Dataset entries
/---
(* For every integer $m\geq 1$, $$A_{2,m}=\frac{(m-1)m(m+1)(m+\lambda)(m+\lambda+1)(m+\lambda+2)\big[m^2+(\lambda+1)m+\frac{4\lambda^2+2\lambda-14}{3(2\lambda+3)}\big]}{2(2\lambda+1)(2\lambda+5)}$$ and $$\widetilde A_{2,m}=\frac{(m-1)m(m+\lambda)(m+\lambda+1)\,r_\lambda(m)}{24(2\lambda+1)(2\lambda+3)(2\lambda+5)},$$ where $$r_\lambda(m)=12(2\lambda+3)m^4+24\lambda(2\lambda+3)m^3+4(6\lambda^3+7\lambda^2-19\lambda-32)m^2-4\lambda(2\lambda^2+19\lambda+32)m-8\lambda^3-20\lambda^2+14\lambda+71.$$
   Context: Fix $\lambda>-1/2$. Define polynomials $Q_m$ by $Q_0=1$, $Q_1(\mu)=1-\frac{2(\lambda+1)(\lambda+2)}{2\lambda+1}\mu$ and, for $m\geq2$, $$Q_m-Q_{m-1}=\frac{m(2m-1)(2m+\lambda)}{(m-1+\lambda)(2m-2+\lambda)(2m-1+2\lambda)}\big[Q_{m-1}-Q_{m-2}\big]-\frac{2m(2m-1+\lambda)(2m+\lambda)}{2m-1+2\lambda}\,\mu\,Q_{m-1}(\mu).$$ Define $\widetilde Q_m$ by $\widetilde Q_0=1$, $\widetilde Q_1(\mu)=1-\frac{\lambda+1}{2}\mu$ and, for $m\geq2$, $$\widetilde Q_m-\widetilde Q_{m-1}=\frac{(m-1)(2m-1)(2m-1+\lambda)}{(m-1+\lambda)(2m-3+\lambda)(2m-3+2\lambda)}\big[\widetilde Q_{m-1}-\widetilde Q_{m-2}\big]-\frac{(2m-1)(2m-2+\lambda)(2m-1+\lambda)}{2(m-1+\lambda)}\,\mu\,\widetilde Q_{m-1}(\mu).$$ Write $Q_m(\mu)=\sum_{i=0}^m(-1)^iA_{i,m}\mu^i$ and $\widetilde Q_m(\mu)=\sum_{i=0}^m(-1)^i\widetilde A_{i,m}\mu^i$, with $A_{i,m}=\widetilde A_{i,m}=0$ for $i>m$. *)

theory Defs
  imports "HOL-Computational_Algebra.Polynomial"
begin

text \<open>The polynomials Q_m (in the variable mu), parameter l = lambda.
  Q l (Suc (Suc n)) is Q_m with m = n + 2.\<close>
fun Qpoly :: "real \<Rightarrow> nat \<Rightarrow> real poly" where
  "Qpoly l 0 = 1"
| "Qpoly l (Suc 0) = [:1, - (2 * (l + 1) * (l + 2) / (2 * l + 1)):]"
| "Qpoly l (Suc (Suc n)) =
     (let m = real n + 2 in
      Qpoly l (Suc n)
      + smult (m * (2*m - 1) * (2*m + l) / ((m - 1 + l) * (2*m - 2 + l) * (2*m - 1 + 2*l)))
              (Qpoly l (Suc n) - Qpoly l n)
      - smult (2 * m * (2*m - 1 + l) * (2*m + l) / (2*m - 1 + 2*l))
              (monom 1 1 * Qpoly l (Suc n)))"

fun Qtpoly :: "real \<Rightarrow> nat \<Rightarrow> real poly" where
  "Qtpoly l 0 = 1"
| "Qtpoly l (Suc 0) = [:1, - ((l + 1) / 2):]"
| "Qtpoly l (Suc (Suc n)) =
     (let m = real n + 2 in
      Qtpoly l (Suc n)
      + smult ((m - 1) * (2*m - 1) * (2*m - 1 + l) / ((m - 1 + l) * (2*m - 3 + l) * (2*m - 3 + 2*l)))
              (Qtpoly l (Suc n) - Qtpoly l n)
      - smult ((2*m - 1) * (2*m - 2 + l) * (2*m - 1 + l) / (2 * (m - 1 + l)))
              (monom 1 1 * Qtpoly l (Suc n)))"

definition Acoef :: "real \<Rightarrow> nat \<Rightarrow> nat \<Rightarrow> real" where
  "Acoef l i m = (-1) ^ i * coeff (Qpoly l m) i"

definition Atcoef :: "real \<Rightarrow> nat \<Rightarrow> nat \<Rightarrow> real" where
  "Atcoef l i m = (-1) ^ i * coeff (Qtpoly l m) i"

definition r_lam :: "real \<Rightarrow> real \<Rightarrow> real" where
  "r_lam l m = 12*(2*l+3)*m^4 + 24*l*(2*l+3)*m^3 + 4*(6*l^3 + 7*l^2 - 19*l - 32)*m^2
     - 4*l*(2*l^2 + 19*l + 32)*m - 8*l^3 - 20*l^2 + 14*l + 71"

end

theory Submission
  imports Defs
begin

text \<open>Read coefficientwise, the recurrence defining \<open>Q_m\<close> says that the coefficient of
  \<open>\<mu>^i\<close> satisfies a two-term linear recurrence in \<open>m\<close> whose inhomogeneous part is built from
  the coefficient of \<open>\<mu>^(i-1)\<close>, and likewise for the polynomials \<open>Q\<close>-tilde. Such a recurrence
  has a unique solution with prescribed values at \<open>m = 0, 1\<close>, so for \<open>i = 0, 1, 2\<close> in turn
  it suffices to check that the claimed closed forms satisfy it. That is an identity of
  rational functions in \<open>m\<close> and \<open>\<lambda>\<close>; for \<open>\<lambda> > -1/2\<close> and \<open>m \<ge> 2\<close> no denominator vanishes,
  and after clearing them it is a polynomial identity.\<close>

lemma coeff_recurrence_step:
  fixes p q :: "'a::comm_ring_1 poly"
  shows "coeff (p + smult a (p - q) - smult b (monom 1 1 * p)) i
    = coeff p i + a * (coeff p i - coeff q i) - b * (if i = 0 then 0 else coeff p (i - 1))"
  by (simp add: coeff_monom_mult)

lemma two_term_recurrence_unique:
  fixes u v a b :: "nat \<Rightarrow> 'a::comm_ring"
  assumes "u 0 = v 0" "u (Suc 0) = v (Suc 0)"
    and "\<And>n. u (Suc (Suc n)) = u (Suc n) + a n * (u (Suc n) - u n) - b n"
    and "\<And>n. v (Suc (Suc n)) = v (Suc n) + a n * (v (Suc n) - v n) - b n"
  shows "u n = v n"
proof (induction n rule: induct_nat_012)
  case (ge2 n)
  then show ?case using assms(3,4)[of n] by simp
qed (use assms(1,2) in simp_all)

lemma recurrence_of_cleared:
  fixes F0 F1 F2 z N B D K beta :: "'a::field"
  assumes "D \<noteq> 0" "K \<noteq> 0" "beta * D = B"
    and "D * F2 = D * F1 + N * (F1 - F0) - B * (K * z)"
  shows "F2 / K = F1 / K + N / D * (F1 / K - F0 / K) - beta * z"
proof -
  have "D * (F1 + N / D * (F1 - F0) - beta * (K * z)) = D * F1 + N * (F1 - F0) - (beta * D) * (K * z)"
    using assms(1) by (simp add: field_simps)
  then have "D * F2 = D * (F1 + N / D * (F1 - F0) - beta * (K * z))"
    using assms(3,4) by simp
  then have "F2 = F1 + N / D * (F1 - F0) - beta * (K * z)"
    using assms(1) by simp
  then show ?thesis using assms(1,2) by (simp add: field_simps)
qed

definition Q_alpha :: "real \<Rightarrow> real \<Rightarrow> real" where
  "Q_alpha l m = m * (2*m - 1) * (2*m + l) / ((m - 1 + l) * (2*m - 2 + l) * (2*m - 1 + 2*l))"

definition Q_beta :: "real \<Rightarrow> real \<Rightarrow> real" where
  "Q_beta l m = 2 * m * (2*m - 1 + l) * (2*m + l) / (2*m - 1 + 2*l)"

definition Qt_alpha :: "real \<Rightarrow> real \<Rightarrow> real" where
  "Qt_alpha l m = (m - 1) * (2*m - 1) * (2*m - 1 + l) / ((m - 1 + l) * (2*m - 3 + l) * (2*m - 3 + 2*l))"

definition Qt_beta :: "real \<Rightarrow> real \<Rightarrow> real" where
  "Qt_beta l m = (2*m - 1) * (2*m - 2 + l) * (2*m - 1 + l) / (2 * (m - 1 + l))"

lemma coeff_Qpoly_Suc_Suc:
  "coeff (Qpoly l (Suc (Suc n))) i = coeff (Qpoly l (Suc n)) i
     + Q_alpha l (real n + 2) * (coeff (Qpoly l (Suc n)) i - coeff (Qpoly l n) i)
     - Q_beta l (real n + 2) * (if i = 0 then 0 else coeff (Qpoly l (Suc n)) (i - 1))"
  unfolding Qpoly.simps(3) Let_def Q_alpha_def Q_beta_def by (rule coeff_recurrence_step)

lemma coeff_Qtpoly_Suc_Suc:
  "coeff (Qtpoly l (Suc (Suc n))) i = coeff (Qtpoly l (Suc n)) i
     + Qt_alpha l (real n + 2) * (coeff (Qtpoly l (Suc n)) i - coeff (Qtpoly l n) i)
     - Qt_beta l (real n + 2) * (if i = 0 then 0 else coeff (Qtpoly l (Suc n)) (i - 1))"
  unfolding Qtpoly.simps(3) Let_def Qt_alpha_def Qt_beta_def by (rule coeff_recurrence_step)

declare Qpoly.simps(3) [simp del] Qtpoly.simps(3) [simp del]

definition Q_coeff1 :: "real \<Rightarrow> real \<Rightarrow> real" where
  "Q_coeff1 l m = - m * (m + 1) * (m + l) * (m + l + 1) / (2*l + 1)"

definition Q_coeff2 :: "real \<Rightarrow> real \<Rightarrow> real" where
  "Q_coeff2 l m = (m - 1) * m * (m + 1) * (m + l) * (m + l + 1) * (m + l + 2)
     * (3 * (2*l + 3) * (m^2 + (l + 1) * m) + 4*l^2 + 2*l - 14) / (6 * (2*l + 1) * (2*l + 3) * (2*l + 5))"

definition Qt_coeff1 :: "real \<Rightarrow> real \<Rightarrow> real" where
  "Qt_coeff1 l m = - m * (m + l) * (2*m^2 + 2*l*m - 1) / (2 * (2*l + 1))"

definition Qt_coeff2 :: "real \<Rightarrow> real \<Rightarrow> real" where
  "Qt_coeff2 l m = (m - 1) * m * (m + l) * (m + l + 1) * r_lam l m / (24 * (2*l + 1) * (2*l + 3) * (2*l + 5))"

text \<open>The factor \<open>1\<close> below is the coefficient of \<open>\<mu>^0\<close>, see \<open>coeff_Qpoly_0\<close>.\<close>

lemma Q_coeff1_recurrence:
  assumes "l > -1/2" "m \<ge> 2"
  shows "Q_coeff1 l m = Q_coeff1 l (m - 1) + Q_alpha l m * (Q_coeff1 l (m - 1) - Q_coeff1 l (m - 2)) - Q_beta l m * 1"
proof -
  have nz: "m - 1 + l \<noteq> 0" "2*m - 2 + l \<noteq> 0" "2*m - 1 + 2*l \<noteq> 0" "2*l + 1 \<noteq> 0"
    using assms by auto
  have beta: "Q_beta l m * ((m - 1 + l) * (2*m - 2 + l) * (2*m - 1 + 2*l))
      = 2 * m * (2*m - 1 + l) * (2*m + l) * (m - 1 + l) * (2*m - 2 + l)"
    using nz by (simp add: Q_beta_def field_simps)
  show ?thesis unfolding Q_coeff1_def Q_alpha_def
    by (rule recurrence_of_cleared[OF _ _ beta], use nz in simp, use nz in simp, algebra)
qed

lemma Q_coeff2_recurrence:
  assumes "l > -1/2" "m \<ge> 2"
  shows "Q_coeff2 l m = Q_coeff2 l (m - 1) + Q_alpha l m * (Q_coeff2 l (m - 1) - Q_coeff2 l (m - 2))
    - Q_beta l m * Q_coeff1 l (m - 1)"
proof -
  have nz: "m - 1 + l \<noteq> 0" "2*m - 2 + l \<noteq> 0" "2*m - 1 + 2*l \<noteq> 0" "2*l + 1 \<noteq> 0" "2*l + 3 \<noteq> 0" "2*l + 5 \<noteq> 0"
    using assms by auto
  have beta: "Q_beta l m * ((m - 1 + l) * (2*m - 2 + l) * (2*m - 1 + 2*l))
      = 2 * m * (2*m - 1 + l) * (2*m + l) * (m - 1 + l) * (2*m - 2 + l)"
    using nz by (simp add: Q_beta_def field_simps)
  have coeff1_cleared: "6 * (2*l + 1) * (2*l + 3) * (2*l + 5) * Q_coeff1 l (m - 1)
      = - 6 * (2*l + 3) * (2*l + 5) * ((m - 1) * m * (m - 1 + l) * (m + l))"
    using nz by (simp add: Q_coeff1_def field_simps)
  show ?thesis unfolding Q_coeff2_def Q_alpha_def
    by (rule recurrence_of_cleared[OF _ _ beta], use nz in simp, use nz in simp, use coeff1_cleared in algebra)
qed

lemma Qt_coeff1_recurrence:
  assumes "l > -1/2" "m \<ge> 2"
  shows "Qt_coeff1 l m = Qt_coeff1 l (m - 1) + Qt_alpha l m * (Qt_coeff1 l (m - 1) - Qt_coeff1 l (m - 2)) - Qt_beta l m * 1"
proof -
  have nz: "m - 1 + l \<noteq> 0" "2*m - 3 + l \<noteq> 0" "2*m - 3 + 2*l \<noteq> 0" "2*l + 1 \<noteq> 0"
    using assms by auto
  have beta: "Qt_beta l m * ((m - 1 + l) * (2*m - 3 + l) * (2*m - 3 + 2*l))
      = (2*m - 1) * (2*m - 2 + l) * (2*m - 1 + l) * (2*m - 3 + l) * (2*m - 3 + 2*l) / 2"
    using nz by (simp add: Qt_beta_def field_simps)
  show ?thesis unfolding Qt_coeff1_def Qt_alpha_def
    by (rule recurrence_of_cleared[OF _ _ beta], use nz in simp, use nz in simp, algebra)
qed

lemma Qt_coeff2_recurrence:
  assumes "l > -1/2" "m \<ge> 2"
  shows "Qt_coeff2 l m = Qt_coeff2 l (m - 1) + Qt_alpha l m * (Qt_coeff2 l (m - 1) - Qt_coeff2 l (m - 2))
    - Qt_beta l m * Qt_coeff1 l (m - 1)"
proof -
  have nz: "m - 1 + l \<noteq> 0" "2*m - 3 + l \<noteq> 0" "2*m - 3 + 2*l \<noteq> 0" "2*l + 1 \<noteq> 0" "2*l + 3 \<noteq> 0" "2*l + 5 \<noteq> 0"
    using assms by auto
  have beta: "Qt_beta l m * ((m - 1 + l) * (2*m - 3 + l) * (2*m - 3 + 2*l))
      = (2*m - 1) * (2*m - 2 + l) * (2*m - 1 + l) * (2*m - 3 + l) * (2*m - 3 + 2*l) / 2"
    using nz by (simp add: Qt_beta_def field_simps)
  have coeff1_cleared: "24 * (2*l + 1) * (2*l + 3) * (2*l + 5) * Qt_coeff1 l (m - 1)
      = - 12 * (2*l + 3) * (2*l + 5) * ((m - 1) * (m - 1 + l) * (2*(m - 1)^2 + 2*l*(m - 1) - 1))"
    using nz by (simp add: Qt_coeff1_def field_simps)
  show ?thesis unfolding Qt_coeff2_def Qt_alpha_def r_lam_def
    by (rule recurrence_of_cleared[OF _ _ beta], use nz in simp, use nz in simp, use coeff1_cleared in algebra)
qed

lemma real_Suc_Suc_shifts:
  "real (Suc (Suc n)) = real n + 2" "real n + 2 - 1 = real (Suc n)" "real n + 2 - 2 = real n"
  by simp_all

lemma coeff_Qpoly_0: "coeff (Qpoly l n) 0 = 1"
  by (rule two_term_recurrence_unique[where a = "\<lambda>n. Q_alpha l (real n + 2)" and b = "\<lambda>_. 0"])
    (simp_all add: coeff_Qpoly_Suc_Suc)

lemma coeff_Qtpoly_0: "coeff (Qtpoly l n) 0 = 1"
  by (rule two_term_recurrence_unique[where a = "\<lambda>n. Qt_alpha l (real n + 2)" and b = "\<lambda>_. 0"])
    (simp_all add: coeff_Qtpoly_Suc_Suc)

lemma coeff_Qpoly_1:
  assumes "l > -1/2"
  shows "coeff (Qpoly l n) 1 = Q_coeff1 l (real n)"
proof (rule two_term_recurrence_unique[where a = "\<lambda>n. Q_alpha l (real n + 2)"
      and b = "\<lambda>n. Q_beta l (real n + 2) * 1"])
  show "coeff (Qpoly l (Suc 0)) 1 = Q_coeff1 l (real (Suc 0))"
    using assms by (simp add: Q_coeff1_def field_simps)
  show "coeff (Qpoly l (Suc (Suc n))) 1 = coeff (Qpoly l (Suc n)) 1
      + Q_alpha l (real n + 2) * (coeff (Qpoly l (Suc n)) 1 - coeff (Qpoly l n) 1) - Q_beta l (real n + 2) * 1" for n
    by (simp add: coeff_Qpoly_Suc_Suc coeff_Qpoly_0)
  show "Q_coeff1 l (real (Suc (Suc n))) = Q_coeff1 l (real (Suc n))
      + Q_alpha l (real n + 2) * (Q_coeff1 l (real (Suc n)) - Q_coeff1 l (real n)) - Q_beta l (real n + 2) * 1" for n
    using Q_coeff1_recurrence[OF assms, of "real n + 2"] by (simp only: real_Suc_Suc_shifts)
qed (simp add: Q_coeff1_def)

lemma coeff_Qpoly_2:
  assumes "l > -1/2"
  shows "coeff (Qpoly l n) 2 = Q_coeff2 l (real n)"
proof (rule two_term_recurrence_unique[where a = "\<lambda>n. Q_alpha l (real n + 2)"
      and b = "\<lambda>n. Q_beta l (real n + 2) * Q_coeff1 l (real (Suc n))"])
  show "coeff (Qpoly l (Suc (Suc n))) 2 = coeff (Qpoly l (Suc n)) 2
      + Q_alpha l (real n + 2) * (coeff (Qpoly l (Suc n)) 2 - coeff (Qpoly l n) 2)
      - Q_beta l (real n + 2) * Q_coeff1 l (real (Suc n))" for n
    using coeff_Qpoly_1[OF assms, of "Suc n"] by (simp add: coeff_Qpoly_Suc_Suc)
  show "Q_coeff2 l (real (Suc (Suc n))) = Q_coeff2 l (real (Suc n))
      + Q_alpha l (real n + 2) * (Q_coeff2 l (real (Suc n)) - Q_coeff2 l (real n))
      - Q_beta l (real n + 2) * Q_coeff1 l (real (Suc n))" for n
    using Q_coeff2_recurrence[OF assms, of "real n + 2"] by (simp only: real_Suc_Suc_shifts)
qed (simp_all add: Q_coeff2_def numeral_2_eq_2)

lemma coeff_Qtpoly_1:
  assumes "l > -1/2"
  shows "coeff (Qtpoly l n) 1 = Qt_coeff1 l (real n)"
proof (rule two_term_recurrence_unique[where a = "\<lambda>n. Qt_alpha l (real n + 2)"
      and b = "\<lambda>n. Qt_beta l (real n + 2) * 1"])
  show "coeff (Qtpoly l (Suc 0)) 1 = Qt_coeff1 l (real (Suc 0))"
    using assms by (simp add: Qt_coeff1_def field_simps)
  show "coeff (Qtpoly l (Suc (Suc n))) 1 = coeff (Qtpoly l (Suc n)) 1
      + Qt_alpha l (real n + 2) * (coeff (Qtpoly l (Suc n)) 1 - coeff (Qtpoly l n) 1) - Qt_beta l (real n + 2) * 1" for n
    by (simp add: coeff_Qtpoly_Suc_Suc coeff_Qtpoly_0)
  show "Qt_coeff1 l (real (Suc (Suc n))) = Qt_coeff1 l (real (Suc n))
      + Qt_alpha l (real n + 2) * (Qt_coeff1 l (real (Suc n)) - Qt_coeff1 l (real n)) - Qt_beta l (real n + 2) * 1" for n
    using Qt_coeff1_recurrence[OF assms, of "real n + 2"] by (simp only: real_Suc_Suc_shifts)
qed (simp add: Qt_coeff1_def)

lemma coeff_Qtpoly_2:
  assumes "l > -1/2"
  shows "coeff (Qtpoly l n) 2 = Qt_coeff2 l (real n)"
proof (rule two_term_recurrence_unique[where a = "\<lambda>n. Qt_alpha l (real n + 2)"
      and b = "\<lambda>n. Qt_beta l (real n + 2) * Qt_coeff1 l (real (Suc n))"])
  show "coeff (Qtpoly l (Suc (Suc n))) 2 = coeff (Qtpoly l (Suc n)) 2
      + Qt_alpha l (real n + 2) * (coeff (Qtpoly l (Suc n)) 2 - coeff (Qtpoly l n) 2)
      - Qt_beta l (real n + 2) * Qt_coeff1 l (real (Suc n))" for n
    using coeff_Qtpoly_1[OF assms, of "Suc n"] by (simp add: coeff_Qtpoly_Suc_Suc)
  show "Qt_coeff2 l (real (Suc (Suc n))) = Qt_coeff2 l (real (Suc n))
      + Qt_alpha l (real n + 2) * (Qt_coeff2 l (real (Suc n)) - Qt_coeff2 l (real n))
      - Qt_beta l (real n + 2) * Qt_coeff1 l (real (Suc n))" for n
    using Qt_coeff2_recurrence[OF assms, of "real n + 2"] by (simp only: real_Suc_Suc_shifts)
qed (simp_all add: Qt_coeff2_def numeral_2_eq_2)

theorem lemma3p4:
  fixes l :: real and m :: nat
  assumes "l > -1/2" and "m \<ge> 1"
  shows "Acoef l 2 m =
           (real m - 1) * real m * (real m + 1) * (real m + l) * (real m + l + 1) * (real m + l + 2)
           * ((real m)^2 + (l + 1) * real m + (4*l^2 + 2*l - 14) / (3 * (2*l + 3)))
           / (2 * (2*l + 1) * (2*l + 5)) \<and>
         Atcoef l 2 m =
           (real m - 1) * real m * (real m + l) * (real m + l + 1) * r_lam l (real m)
           / (24 * (2*l + 1) * (2*l + 3) * (2*l + 5))"
proof -
  have "2*l + 3 \<noteq> 0" using assms(1) by simp
  then show ?thesis
    unfolding Acoef_def Atcoef_def coeff_Qpoly_2[OF assms(1)] coeff_Qtpoly_2[OF assms(1)]
      Q_coeff2_def Qt_coeff2_def
    by (simp add: field_simps)
qed

end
\---
→ **TASK ITEM**
Give back precisely the lines above that start at the line containing "(2*l + 3) * (m^2" and end at the line containing "r_lam l m /", inclusive. No other lines belong in the output.

→ **WRITTEN REPLY**
     * (3 * (2*l + 3) * (m^2 + (l + 1) * m) + 4*l^2 + 2*l - 14) / (6 * (2*l + 1) * (2*l + 3) * (2*l + 5))"

definition Qt_coeff1 :: "real \<Rightarrow> real \<Rightarrow> real" where
  "Qt_coeff1 l m = - m * (m + l) * (2*m^2 + 2*l*m - 1) / (2 * (2*l + 1))"

definition Qt_coeff2 :: "real \<Rightarrow> real \<Rightarrow> real" where
  "Qt_coeff2 l m = (m - 1) * m * (m + l) * (m + l + 1) * r_lam l m / (24 * (2*l + 1) * (2*l + 3) * (2*l + 5))"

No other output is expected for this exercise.